Work instructions –
Take each line below that has "noteq" and copy it.

(Items from a data source)
====
lemma cov_diff_le_sum_marginal_gains:
  assumes G: "finite G" and Q: "finite Q" and bounded: "\<forall>h\<in>H. \<forall>s\<in>G \<union> Q. d (eh h) (e s) \<le> Dmax"
  shows "cov d Dmax H eh Q e - cov d Dmax H eh G e
     \<le> (\<Sum>u\<in>Q - G. cov d Dmax H eh (insert u G) e - cov d Dmax H eh G e)"
proof -
  let ?m = "\<lambda>S h. min_dist d Dmax (eh h) S e"
  have "cov d Dmax H eh Q e - cov d Dmax H eh G e = (\<Sum>h\<in>H. ?m G h - ?m Q h) / real (card H)"
    by (rule cov_diff)
  also have "\<dots> \<le> (\<Sum>h\<in>H. \<Sum>u\<in>Q - G. ?m G h - ?m (insert u G) h) / real (card H)"
    using bounded by (intro divide_right_mono sum_mono min_dist_diff_le_sum_insert[OF G Q]) auto
  also have "\<dots> = (\<Sum>u\<in>Q - G. \<Sum>h\<in>H. ?m G h - ?m (insert u G) h) / real (card H)"
    by (subst sum.swap) simp
  also have "\<dots> = (\<Sum>u\<in>Q - G. cov d Dmax H eh (insert u G) e - cov d Dmax H eh G e)"
    by (simp add: cov_diff sum_divide_distrib)
  finally show ?thesis .
qed

lemma cov_shift_ge:
  assumes "finite H" "H \<noteq> {}" "finite S" "0 \<le> \<rho>"
    and "\<forall>h\<in>H. \<forall>s\<in>S. d (eh h) (e' s) \<le> d (eh h) (e s) + \<rho>"
  shows "cov d Dmax H eh S e - \<rho> \<le> cov d Dmax H eh S e'"
proof -
  have card: "0 < real (card H)" using assms(1,2) by (simp add: card_gt_0_iff)
  have shift: "min_dist d Dmax (eh h) S e' - min_dist d Dmax (eh h) S e \<le> \<rho>" if "h \<in> H" for h
    using min_dist_le_shift[OF assms(3,4), of d "eh h" e' e Dmax] assms(5) that by simp
  have "cov d Dmax H eh S e - cov d Dmax H eh S e'
      = (\<Sum>h\<in>H. min_dist d Dmax (eh h) S e' - min_dist d Dmax (eh h) S e) / real (card H)"
    by (rule cov_diff)
  also have "\<dots> \<le> (\<Sum>h\<in>H. \<rho>) / real (card H)"
    using shift card by (intro divide_right_mono sum_mono) auto
  also have "\<dots> = \<rho>" using card by simp
  finally show ?thesis by simp
qed
(* Let $1/n<\gamma\ll\tau\ll\varepsilon<1$ be constants, let $k\geq 2$ be an integer, and let $G$ be a $d$-regular oriented graph on $n$ vertices with $d\geq(1/4+\varepsilon)n$. Let $\mathcal{P}_k=\{V_{ij}:i,j\in[k]\}$ be a $(k^2,\tau,\gamma)$-partition of $G$. Then for every $i\in[k]$, $$\Big|\bigcup_{j\neq i}V_{ij}\Big|\geq\tau n\quad\text{and}\quad\Big|\bigcup_{j\neq i}V_{ji}\Big|\geq\tau n.$$
   Context: Hierarchy convention: $x\ll y$ means $x\leq f(y)$ for some implicitly given non-decreasing function $f:(0,1]\to(0,1]$; the statement asserts such functions exist, constants chosen from right to left. An oriented graph has at most one edge between any two vertices; $d$-regular means all in- and outdegrees equal $d$. A $k^2$-partition of $V(G)$ is a family $\{V_{ij}:i,j\in[k]\}$ of pairwise disjoint (possibly empty) sets with union $V(G)$; $V_{i*}=\bigcup_j V_{ij}$, $V_{*j}=\bigcup_i V_{ij}$. $E(A,B)$ is the set of edges $ab$ with $a\in A,b\in B$; bad edges $\mathcal{B}_k(\mathcal{P}_k,G)=\bigcup_{i\neq j}E(V_{i*},V_{*j})$. A $(k^2,\tau,\gamma)$-partition is a $k^2$-partition with $|\mathcal{B}_k(\mathcal{P}_k,G)|\leq\gamma n^2$ and $|V_{i*}|,|V_{*j}|\geq\tau n$ for all $i,j\in[k]$. *)

theory Defs
  imports Complex_Main
begin

definition oriented_graph :: "'a set \<Rightarrow> ('a \<times> 'a) set \<Rightarrow> bool" where
  "oriented_graph V E \<longleftrightarrow> finite V \<and> E \<subseteq> V \<times> V \<and>
     (\<forall>x. (x, x) \<notin> E) \<and> (\<forall>x y. (x, y) \<in> E \<longrightarrow> (y, x) \<notin> E)"

definition outdeg :: "('a \<times> 'a) set \<Rightarrow> 'a \<Rightarrow> nat" where
  "outdeg E x = card {y. (x, y) \<in> E}"

definition indeg :: "('a \<times> 'a) set \<Rightarrow> 'a \<Rightarrow> nat" where
  "indeg E x = card {y. (y, x) \<in> E}"

definition regular_digraph :: "'a set \<Rightarrow> ('a \<times> 'a) set \<Rightarrow> nat \<Rightarrow> bool" where
  "regular_digraph V E d \<longleftrightarrow> (\<forall>x\<in>V. outdeg E x = d \<and> indeg E x = d)"

definition k2_partition :: "'a set \<Rightarrow> nat \<Rightarrow> (nat \<Rightarrow> nat \<Rightarrow> 'a set) \<Rightarrow> bool" where
  "k2_partition V k P \<longleftrightarrow>
     (\<forall>i\<in>{1..k}. \<forall>j\<in>{1..k}. \<forall>i'\<in>{1..k}. \<forall>j'\<in>{1..k}.
         (i, j) \<noteq> (i', j') \<longrightarrow> P i j \<inter> P i' j' = {}) \<and>
     (\<Union>i\<in>{1..k}. \<Union>j\<in>{1..k}. P i j) = V"

definition row_part :: "nat \<Rightarrow> (nat \<Rightarrow> nat \<Rightarrow> 'a set) \<Rightarrow> nat \<Rightarrow> 'a set" where
  "row_part k P i = (\<Union>j\<in>{1..k}. P i j)"

definition col_part :: "nat \<Rightarrow> (nat \<Rightarrow> nat \<Rightarrow> 'a set) \<Rightarrow> nat \<Rightarrow> 'a set" where
  "col_part k P j = (\<Union>i\<in>{1..k}. P i j)"

definition edges_between :: "('a \<times> 'a) set \<Rightarrow> 'a set \<Rightarrow> 'a set \<Rightarrow> ('a \<times> 'a) set" where
  "edges_between E A B = {(a, b). (a, b) \<in> E \<and> a \<in> A \<and> b \<in> B}"

definition bad_edges :: "('a \<times> 'a) set \<Rightarrow> nat \<Rightarrow> (nat \<Rightarrow> nat \<Rightarrow> 'a set) \<Rightarrow> ('a \<times> 'a) set" where
  "bad_edges E k P = (\<Union>i\<in>{1..k}. \<Union>j\<in>{1..k}.
      if i \<noteq> j then edges_between E (row_part k P i) (col_part k P j) else {})"

definition k2_tau_gamma_partition ::
  "'a set \<Rightarrow> ('a \<times> 'a) set \<Rightarrow> nat \<Rightarrow> real \<Rightarrow> real \<Rightarrow> (nat \<Rightarrow> nat \<Rightarrow> 'a set) \<Rightarrow> bool" where
  "k2_tau_gamma_partition V E k \<tau> \<gamma> P \<longleftrightarrow>
     k2_partition V k P \<and>
     real (card (bad_edges E k P)) \<le> \<gamma> * real (card V) ^ 2 \<and>
     (\<forall>i\<in>{1..k}. real (card (row_part k P i)) \<ge> \<tau> * real (card V)
                 \<and> real (card (col_part k P i)) \<ge> \<tau> * real (card V))"

end

theory Submission
  imports Defs
begin

text \<open>
  Write \<open>R = V\<^sub>i\<^sub>*\<close> and \<open>K = V\<^sub>*\<^sub>i\<close>. Few bad edges means that almost no edge leaves \<open>R\<close>
  outside \<open>K\<close> and almost no edge enters \<open>K\<close> from outside \<open>R\<close>. Counting in-edges of \<open>K\<close> gives
  \<open>|K| \<le> |R| + 4\<gamma>n\<close>. Counting out-edges of \<open>R\<close>, of which at most \<open>|R|\<^sup>2/2\<close> stay inside \<open>R\<close>
  because \<open>G\<close> is oriented, gives \<open>2d \<le> |R| + 2|K - R| + 2\<gamma>n/\<tau>\<close>; the same count for
  \<open>C = V - R\<close>, whose out-edges go to \<open>C\<close>, to \<open>R - K\<close> or are bad, gives
  \<open>2d \<le> |C| + 2|R - K| + 2\<gamma>n/\<tau>\<close>. Adding up and using \<open>4d \<ge> n + 4\<epsilon>n\<close> and
  \<open>\<gamma> \<le> \<tau>\<epsilon>/8 \<le> \<epsilon>/16\<close> yields \<open>|R - K| \<ge> 3\<epsilon>n/4 \<ge> \<tau>n\<close>. The bound for \<open>K - R\<close> is the same statement for the
  reversed graph and the transposed partition.
\<close>

lemma edges_between_eq: "edges_between E A B = E \<inter> A \<times> B"
  by (auto simp: edges_between_def)

lemma finite_edges_between: "finite E \<Longrightarrow> finite (edges_between E A B)"
  by (simp add: edges_between_eq)

lemma edges_between_converse: "edges_between (E\<inverse>) A B = (edges_between E B A)\<inverse>"
  by (auto simp: edges_between_def)

lemma card_edges_between_le_mult:
  "finite A \<Longrightarrow> finite B \<Longrightarrow> card (edges_between E A B) \<le> card A * card B"
  by (metis edges_between_eq card_cartesian_product card_mono finite_SigmaI Int_lower2)

lemma card_edges_between_mono:
  "finite E \<Longrightarrow> A \<subseteq> A' \<Longrightarrow> B \<subseteq> B' \<Longrightarrow>
    card (edges_between E A B) \<le> card (edges_between E A' B')"
  by (auto simp: edges_between_eq intro!: card_mono)

lemma card_edges_between_Un_left:
  assumes "finite E" "A \<inter> A' = {}"
  shows "card (edges_between E (A \<union> A') B) =
    card (edges_between E A B) + card (edges_between E A' B)"
proof -
  have "edges_between E (A \<union> A') B = edges_between E A B \<union> edges_between E A' B"
    by (auto simp: edges_between_def)
  moreover have "edges_between E A B \<inter> edges_between E A' B = {}"
    using assms(2) by (auto simp: edges_between_def)
  ultimately show ?thesis
    by (simp add: card_Un_disjoint finite_edges_between assms(1))
qed

lemma card_edges_between_Un_right:
  assumes "finite E" "B \<inter> B' = {}"
  shows "card (edges_between E A (B \<union> B')) =
    card (edges_between E A B) + card (edges_between E A B')"
  using card_edges_between_Un_left[of "E\<inverse>" B B' A] assms
  by (simp add: edges_between_converse)

lemma card_edges_within_le:
  assumes "\<forall>x y. (x, y) \<in> E \<longrightarrow> (y, x) \<notin> E" "finite A"
  shows "2 * card (edges_between E A A) \<le> card A * card A"
proof -
  let ?M = "edges_between E A A"
  have fin: "finite ?M" "finite (?M\<inverse>)"
    using assms(2) by (simp_all add: edges_between_eq)
  have "?M \<inter> ?M\<inverse> = {}"
    using assms(1) by (auto simp: edges_between_def)
  then have "card ?M + card (?M\<inverse>) = card (?M \<union> ?M\<inverse>)"
    by (simp add: card_Un_disjoint fin)
  also have "\<dots> \<le> card (A \<times> A)"
    by (intro card_mono) (auto simp: assms(2) edges_between_def)
  finally show ?thesis
    by (simp add: card_cartesian_product)
qed

lemma card_out_edges_eq_sum_outdeg:
  assumes "finite E" "finite A"
  shows "card (edges_between E A UNIV) = (\<Sum>x\<in>A. outdeg E x)"
proof -
  have "edges_between E A UNIV = (SIGMA x:A. {y. (x, y) \<in> E})"
    by (auto simp: edges_between_def)
  moreover have "finite {y. (x, y) \<in> E}" for x
    by (rule finite_subset[of _ "snd ` E"]) (auto intro: rev_image_eqI simp: assms(1))
  ultimately show ?thesis
    by (simp add: card_SigmaI assms(2) outdeg_def)
qed

lemma card_in_edges_eq_sum_indeg:
  assumes "finite E" "finite B"
  shows "card (edges_between E UNIV B) = (\<Sum>y\<in>B. indeg E y)"
  using card_out_edges_eq_sum_outdeg[of "E\<inverse>" B] assms
  by (simp add: edges_between_converse outdeg_def indeg_def)

lemma oriented_graph_finite_edges: "oriented_graph V E \<Longrightarrow> finite E"
  unfolding oriented_graph_def by (meson finite_SigmaI finite_subset)

lemma oriented_graph_converse: "oriented_graph V E \<Longrightarrow> oriented_graph V (E\<inverse>)"
  unfolding oriented_graph_def by auto

lemma regular_digraph_converse: "regular_digraph V E d \<Longrightarrow> regular_digraph V (E\<inverse>) d"
  by (simp add: regular_digraph_def outdeg_def indeg_def)

lemma le_add_divide_of_mult_le:
  fixes a x b m r :: real
  assumes "0 < m" "m \<le> r" "0 \<le> b" "a * r \<le> x * r + b"
  shows "a \<le> x + b / m"
proof -
  have "a \<le> x + b / r"
    using assms by (simp add: field_simps)
  also have "\<dots> \<le> x + b / m"
    using assms by (simp add: divide_left_mono)
  finally show ?thesis .
qed

lemma degree_count_lower_bound:
  fixes n d r c s t \<tau> \<gamma> \<epsilon> :: real
  assumes "0 < n" "n = r + c" "\<tau> * n \<le> r" "\<tau> * n \<le> c"
    and degree: "(1/4 + \<epsilon>) * n \<le> d"
    and constants: "0 < \<tau>" "\<tau> \<le> \<epsilon> / 2" "\<epsilon> < 1" "0 \<le> \<gamma>" "\<gamma> \<le> \<tau> * \<epsilon> / 8"
    and row: "2 * d * r \<le> (r + 2 * t) * r + 2 * \<gamma> * n\<^sup>2"
    and col: "2 * d * c \<le> (c + 2 * s) * c + 2 * \<gamma> * n\<^sup>2"
    and diff: "t * d \<le> s * d + \<gamma> * n\<^sup>2"
  shows "\<tau> * n \<le> s"
proof -
  have "0 < \<epsilon> * n" "(1/4 + \<epsilon>) * n = n / 4 + \<epsilon> * n"
    using constants \<open>0 < n\<close> by (simp_all add: algebra_simps)
  with degree have degree': "n / 4 + \<epsilon> * n \<le> d" "n / 4 \<le> d"
    by linarith+
  have "\<tau> * \<epsilon> \<le> 1/2 * \<epsilon>"
    using constants by (intro mult_right_mono) auto
  then have "\<gamma> \<le> \<epsilon> / 16"
    using constants by linarith
  moreover have "\<gamma> / \<tau> \<le> \<epsilon> / 8"
    using constants by (simp add: field_simps)
  ultimately have bounds: "\<tau> * n \<le> \<epsilon> / 2 * n" "\<gamma> / \<tau> * n \<le> \<epsilon> / 8 * n" "\<gamma> * n \<le> \<epsilon> / 16 * n"
    using constants(2) \<open>0 < n\<close> by (simp_all only: mult_right_mono less_imp_le)
  have "0 < \<tau> * n" "0 \<le> 2 * \<gamma> * n\<^sup>2" "0 \<le> \<gamma> * n\<^sup>2"
    using constants \<open>0 < n\<close> by simp_all
  then have "2 * d \<le> (r + 2 * t) + 2 * \<gamma> * n\<^sup>2 / (\<tau> * n)"
    and "2 * d \<le> (c + 2 * s) + 2 * \<gamma> * n\<^sup>2 / (\<tau> * n)"
    and "t \<le> s + \<gamma> * n\<^sup>2 / (n / 4)"
    using le_add_divide_of_mult_le assms(3,4) row col diff degree' \<open>0 < n\<close> by simp_all
  moreover have "2 * \<gamma> * n\<^sup>2 / (\<tau> * n) = 2 * (\<gamma> / \<tau> * n)" "\<gamma> * n\<^sup>2 / (n / 4) = 4 * (\<gamma> * n)"
    using \<open>0 < n\<close> by (simp_all add: power2_eq_square)
  ultimately show ?thesis
    using \<open>n = r + c\<close> degree' bounds by linarith
qed

context
  fixes V :: "'a set" and E :: "('a \<times> 'a) set" and d :: nat
  assumes oriented: "oriented_graph V E" and regular: "regular_digraph V E d"
begin

lemma regular_card_out_edges:
  assumes "A \<subseteq> V"
  shows "card (edges_between E A V) = d * card A"
proof -
  have "edges_between E A V = edges_between E A UNIV"
    using oriented by (auto simp: oriented_graph_def edges_between_def)
  also have "card \<dots> = (\<Sum>x\<in>A. outdeg E x)"
    using oriented assms
    by (intro card_out_edges_eq_sum_outdeg oriented_graph_finite_edges)
      (auto simp: oriented_graph_def intro: finite_subset)
  also have "\<dots> = (\<Sum>x\<in>A. d)"
    using regular assms by (intro sum.cong) (auto simp: regular_digraph_def)
  finally show ?thesis
    by simp
qed

lemma regular_card_in_edges:
  assumes "B \<subseteq> V"
  shows "card (edges_between E V B) = d * card B"
proof -
  have "edges_between E V B = edges_between E UNIV B"
    using oriented by (auto simp: oriented_graph_def edges_between_def)
  also have "card \<dots> = (\<Sum>y\<in>B. indeg E y)"
    using oriented assms
    by (intro card_in_edges_eq_sum_indeg oriented_graph_finite_edges)
      (auto simp: oriented_graph_def intro: finite_subset)
  also have "\<dots> = (\<Sum>y\<in>B. d)"
    using regular assms by (intro sum.cong) (auto simp: regular_digraph_def)
  finally show ?thesis
    by simp
qed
====
Completed exercise –
  assumes "finite H" "H \<noteq> {}" "finite S" "0 \<le> \<rho>"
         (i, j) \<noteq> (i', j') \<longrightarrow> P i j \<inter> P i' j' = {}) \<and>
      if i \<noteq> j then edges_between E (row_part k P i) (col_part k P j) else {})"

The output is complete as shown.